Von: Eliyahu (eliyahusilver@hotmail.com) [Profil]
Datum: 03.03.2004 19:39
Message-ID: <7332f93b.0403031039.f6be31b@posting.google.com>
Newsgroup: nl.gezondheid.medisch nl.politiek nl.religie
Bs'd

How does male circumcision protect against HIV infection?

British Medical Journal, June 10, 2000, by Robert Szabo, Roger V Short

Summary points

The majority of men who are HIV positive have been infected through
the penis

There is conclusive epidemiological evidence to show that
uncircumcised men are at a much greater risk of becoming infected with
HIV than circumcised men

The inner surface of the foreskin contains Langerhans' cells with HIV
receptors; these cells are likely to be the primary point of viral
entry into the penis of an uncircumcised man

Male circumcision should be seriously considered as an additional
means of preventing HIV in all countries with a high prevalence of
infection

The development of HIV receptor blockers, which could be applied to
the penis or vagina before intercourse, might provide a new form of
HIV prevention

In his otherwise excellent review of the AIDS epidemic in the 21st
century, Fauci presented no new strategies for preventing the spread
of the disease.[1] He made no mention of male circumcision, yet there
is now compelling epidemiological evidence from over 40 studies which
shows that male circumcision provides significant protection against
HIV infection; circumcised males are two to eight times less likely to
become infected with HIV.[2] Furthermore, circumcision also protects
against other sexually transmitted infections, such as syphilis and
gonorrhoea,[3 4] and since people who have a sexually transmitted
infection are two to five times more likely to become infected with
HIV,[5] circumcision may be even more protective. The most dramatic
evidence of the protective effect of circumcision comes from a new
study of couples in Uganda who had discordant HIV status; in this
study the woman was HIV positive and her male partner was not.[6] No
new infections occurred among any of the 50 circumcised men over 30
months, whereas 40 of 137 uncircumcised men became infected during
this time. Both groups had been given free access to HIV testing,
intensive instruction about preventing infection, and free condoms
(which were continuously available), but 89% of the men never used
condoms, and condom use did not seem to influence the rate of
transmission of HIV. These findings should focus the spotlight of
scientific attention onto the foreskin.
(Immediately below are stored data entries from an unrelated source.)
lemma symmetric_hyp_half:
  assumes "m \<le> r + b" and var_pos: "0 < hyp_var m r b"
    and symm: "\<And>k. hyp_pmf m r b (int n - k) = hyp_pmf m r b k"
    and mean: "hyp_mean m r b = real n / 2" and n: "n = 2 * j"
  obtains a where "r + b = 2 * a" "1 \<le> j" "j < a"
    "hyp_var m r b = real j * (real a - real j) / (2 * real a - 1)"
    "hyp_pmf m r b (int j) = mid_pmf a j"
proof -
  have pos: "0 < m" "m < r + b" "0 < r" "0 < b"
    using var_pos hyp_var_pos_iff[OF assms(1)] by auto
  have "int n = int (m - b) + int (min m r)"
    by (rule symmetric_support_center[OF hyp_pmf_pos_iff[OF assms(1)] _ symm]) (use assms(1) in auto)
  then have center: "n = (m - b) + min m r" by linarith
  have "real (n * (r + b)) = real (2 * m * r)"
    using mean hyp_mean_eq[OF assms(1)] pos by (simp add: field_simps)
  then have "n * (r + b) = 2 * m * r" by (simp only: of_nat_eq_iff)
  with center have "(r = b \<and> n = m) \<or> (2 * m = r + b \<and> n = r)"
    by (rule center_mean_cases[OF pos])
  then show ?thesis
  proof
    assume "r = b \<and> n = m"
    then have rb: "r + b = 2 * r" "m = 2 * j" "b = r" and j: "1 \<le> j" "j < r" using pos n by auto
    have "hyp_var m r b = real j * (real r - real j) / (2 * real r - 1)"
      unfolding hyp_var_eq[OF assms(1)] unfolding rb using j
      by (simp add: field_simps power2_eq_square of_nat_diff)
    with rb j show ?thesis using that[of r] hyp_pmf_balanced_mid[of j r] by simp
  next
    assume "2 * m = r + b \<and> n = r"
    then have rb: "r + b = 2 * m" "r = 2 * j" "b = 2 * m - 2 * j" and j: "1 \<le> j" "j < m"
      using pos n by auto
    have "hyp_var m r b = real j * (real m - real j) / (2 * real m - 1)"
      unfolding hyp_var_eq[OF assms(1)] unfolding rb using j
      by (simp add: field_simps power2_eq_square of_nat_diff)
    with rb j show ?thesis using that[of m] hyp_pmf_half_sample_mid[of j m] by simp
  qed
qed

section \<open>Minimising \<sigma> f(n/2)\<close>

lemma mid_pmf_reflect:
  assumes "j \<le> a"
  shows "mid_pmf a (a - j) = mid_pmf a j"
proof -
  have "(2 * a) choose (2 * (a - j)) = (2 * a) choose (2 * j)"
    using binomial_symmetric[of "2 * j" "2 * a"] assms by (simp add: diff_mult_distrib2)
  then show ?thesis
    using binomial_symmetric[OF assms] by (simp add: mid_pmf_def)
qed

lemma mid_pmf_Suc:
  assumes "j < a"
  shows "mid_pmf a (Suc j) = mid_pmf a j
    * ((real a - real j) * (2 * real j + 1) / ((real j + 1) * (2 * (real a - real j) - 1)))"
proof -
  have c: "real (a choose Suc j) = real (a choose j) * (real a - real j) / (real j + 1)"
    using assms by (simp add: real_choose_Suc of_nat_diff)
  have d: "real ((2 * a) choose (2 * Suc j)) = real ((2 * a) choose (2 * j))
      * (2 * (real a - real j) * (2 * (real a - real j) - 1) / ((2 * real j + 1) * (2 * real j + 2)))"
    using assms by (simp add: real_choose_Suc of_nat_diff field_simps)
  have "(C * u / (y + 1))\<^sup>2 / (D * (2 * u * (2 * u - 1) / ((2 * y + 1) * (2 * y + 2))))
      = C\<^sup>2 / D * (u * (2 * y + 1) / ((y + 1) * (2 * u - 1)))"
    if "0 \<le> y" "0 < u" "2 * u - 1 \<noteq> 0" "D \<noteq> 0" for C D u y :: real
  proof -
    have "y + 1 \<noteq> 0" "2 * y + 1 \<noteq> 0" "2 * y + 2 \<noteq> 0" "u \<noteq> 0" using that by auto
    with that show ?thesis by (simp add: power2_eq_square divide_simps) (simp add: algebra_simps)
  qed
  from this[of "real j" "real a - real j" "real ((2 * a) choose (2 * j))" "real (a choose j)"] assms
  show ?thesis
    unfolding mid_pmf_def c d by (simp add: algebra_simps)
qed

text \<open>For N = 2a and n = 2j this is sigma^2 f(n/2)^2, by symmetric_hyp_half.\<close>
definition sd_mid_sq :: "nat \<Rightarrow> nat \<Rightarrow> real" where
  "sd_mid_sq a j = real j * (real a - real j) / (2 * real a - 1) * (mid_pmf a j)\<^sup>2"

lemma sd_mid_sq_ratio_ineq:
  fixes x y :: real
  assumes "1 \<le> y" "2 * y + 2 \<le> x"
  shows "y * (x - y) < (y + 1) * (x - y - 1) * ((x - y) * (2 * y + 1) / ((y + 1) * (2 * (x - y) - 1)))\<^sup>2"
proof -
  define D where "D = (y + 1) * (2 * (x - y) - 1)\<^sup>2"
  have D: "0 < D" using assms by (simp add: D_def)
  have "(x - y) * (x - y - 1) * (2 * y + 1)\<^sup>2 - y * (y + 1) * (2 * (x - y) - 1)\<^sup>2 = x * (x - 2 * y - 1)"
    by (simp add: algebra_simps power2_eq_square)
  moreover have "0 < x * (x - 2 * y - 1)" using assms by simp
  ultimately have "y * (y + 1) * (2 * (x - y) - 1)\<^sup>2 < (x - y) * (x - y - 1) * (2 * y + 1)\<^sup>2"
    by linarith
  then have "(x - y) * (y * (y + 1) * (2 * (x - y) - 1)\<^sup>2) / D < (x - y) * ((x - y) * (x - y - 1) * (2 * y + 1)\<^sup>2) / D"
    using assms D by (intro divide_strict_right_mono mult_strict_left_mono) auto
  moreover have "(x - y) * (y * (y + 1) * (2 * (x - y) - 1)\<^sup>2) / D = y * (x - y)"
    using assms by (simp add: D_def)
  moreover have "(x - y) * ((x - y) * (x - y - 1) * (2 * y + 1)\<^sup>2) / D
      = (y + 1) * (x - y - 1) * ((x - y) * (2 * y + 1) / ((y + 1) * (2 * (x - y) - 1)))\<^sup>2"
    using assms unfolding D_def by (simp add: power_divide power_mult_distrib power2_eq_square ac_simps)
  ultimately show ?thesis by simp
qed

lemma sd_mid_sq_less_Suc:
  assumes "1 \<le> j" "2 * j + 2 \<le> a"
  shows "sd_mid_sq a j < sd_mid_sq a (Suc j)"
proof -
  let ?x = "real a" and ?y = "real j"
  define \<rho> where "\<rho> = (?x - ?y) * (2 * ?y + 1) / ((?y + 1) * (2 * (?x - ?y) - 1))"
  have "j < a" using assms by simp
  have c: "0 < (mid_pmf a j)\<^sup>2 / (2 * ?x - 1)"
    using assms by (simp add: mid_pmf_def)
  have "sd_mid_sq a j = ?y * (?x - ?y) * ((mid_pmf a j)\<^sup>2 / (2 * ?x - 1))"
    by (simp add: sd_mid_sq_def)
  also have "\<dots> < (?y + 1) * (?x - ?y - 1) * \<rho>\<^sup>2 * ((mid_pmf a j)\<^sup>2 / (2 * ?x - 1))"
    using sd_mid_sq_ratio_ineq[of ?y ?x] assms c unfolding \<rho>_def by (intro mult_strict_right_mono) auto
  also have "\<dots> = sd_mid_sq a (Suc j)"
    unfolding sd_mid_sq_def mid_pmf_Suc[of j a, OF \<open>j < a\<close>] \<rho>_def[symmetric]
    by (simp add: power_mult_distrib diff_diff_eq ac_simps)
  finally show ?thesis .
qed

lemma sd_mid_sq_reflect: "j \<le> a \<Longrightarrow> sd_mid_sq a (a - j) = sd_mid_sq a j"
  by (simp add: sd_mid_sq_def mid_pmf_reflect of_nat_diff)

lemma sd_mid_sq_one_less:
  assumes "2 \<le> j" "2 * j \<le> a"
  shows "sd_mid_sq a 1 < sd_mid_sq a j"
  using assms
proof (induction j rule: dec_induct)
  case base
  then show ?case using sd_mid_sq_less_Suc[of 1 a] by (simp add: numeral_2_eq_2)
next
  case (step j)
  then have "sd_mid_sq a 1 < sd_mid_sq a j" by simp
  also have "\<dots> < sd_mid_sq a (Suc j)" using sd_mid_sq_less_Suc[of j a] step by simp
  finally show ?case .
qed

lemma sd_mid_sq_minimum:
  assumes "1 \<le> j" "j < a"
  shows "sd_mid_sq a 1 \<le> sd_mid_sq a j \<and> (sd_mid_sq a 1 = sd_mid_sq a j \<longleftrightarrow> j = 1 \<or> j + 1 = a)"
proof (cases "j = 1 \<or> j + 1 = a")
  case True
  then have "sd_mid_sq a j = sd_mid_sq a 1"
    using sd_mid_sq_reflect[of 1 a] assms by (auto simp: add.commute)
  then show ?thesis using True by simp
next
  case False
  have "sd_mid_sq a 1 < sd_mid_sq a j"
  proof (cases "2 * j \<le> a")
    case True
    then show ?thesis using sd_mid_sq_one_less[of j a] False assms by simp
  next
    case False
    have "sd_mid_sq a 1 < sd_mid_sq a (a - j)"
      using sd_mid_sq_one_less[of "a - j" a] \<open>\<not> (j = 1 \<or> j + 1 = a)\<close> False assms by simp
    also have "\<dots> = sd_mid_sq a j" using sd_mid_sq_reflect[of j a] assms by simp
    finally show ?thesis .
  qed
  then show ?thesis using False by simp
qed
Why does its removal reduce a
man's susceptibility to HIV infection?

Methods

To compile the information for this review a Medline search was done
using the terms circumcision, HIV, Langerhans' cells, penis, foreskin,
and prepuce, and extensive email correspondence with other researchers
was also undertaken. Histological observations were carried out on
samples of penile tissue obtained from 13 perfusion fixed cadavers of
men aged 60-96 years, seven of whom had been circumcised.

The pathogenesis of sexually acquired HIV infection

Between 75% and 85% Of cases of HIV infection worldwide have probably
occurred during sexual activity.[7] Most cases of primary HIV
infection are thought to involve HIV binding initially to the CD4 and
CCR5 receptors found on antigen presenting cells--which include
macrophages, Langerhans' cells, and dendritic cells--in the genital
and rectal mucosa.

The most widely accepted model for the sexual transmission of HIV is
based on infection of the genital tract of rhesus macaques with simian
immunodeficiency virus,[8 9] After female macaques are inoculated
intravaginally with simian immunodeficiency virus, the virus targets
the Langerhans' cells located in the vaginal mucosa. Once infected,
these cells fuse with adjacent CD4 lymphocytes and migrate to deeper
tissues. Within two days of infection, the virus can be detected in
the internal iliac lymph nodes and shortly thereafter in systemic
lymph nodes. This ultimately leads to a fatal infection.

Similarly, infection in male macaques occurs when simian
immunodeficiency virus is inoculated into the penile urethra or onto
the foreskin; the same sequence of cellular events involving the
infection of Langerhans' cells is then likely to occur.[9] Infected
Langerhans' cells have also been detected in the penile mucosa of male
rhesus macaques that have chronic simian immunodeficiency virus
infection.[9] In humans, histological studies have identified antigen
presenting cells in the mucosa of the inner foreskin and urethra.[10]
Therefore it seems likely that antigen presenting cells at these
mucosal sites are the primary target for HIV in men.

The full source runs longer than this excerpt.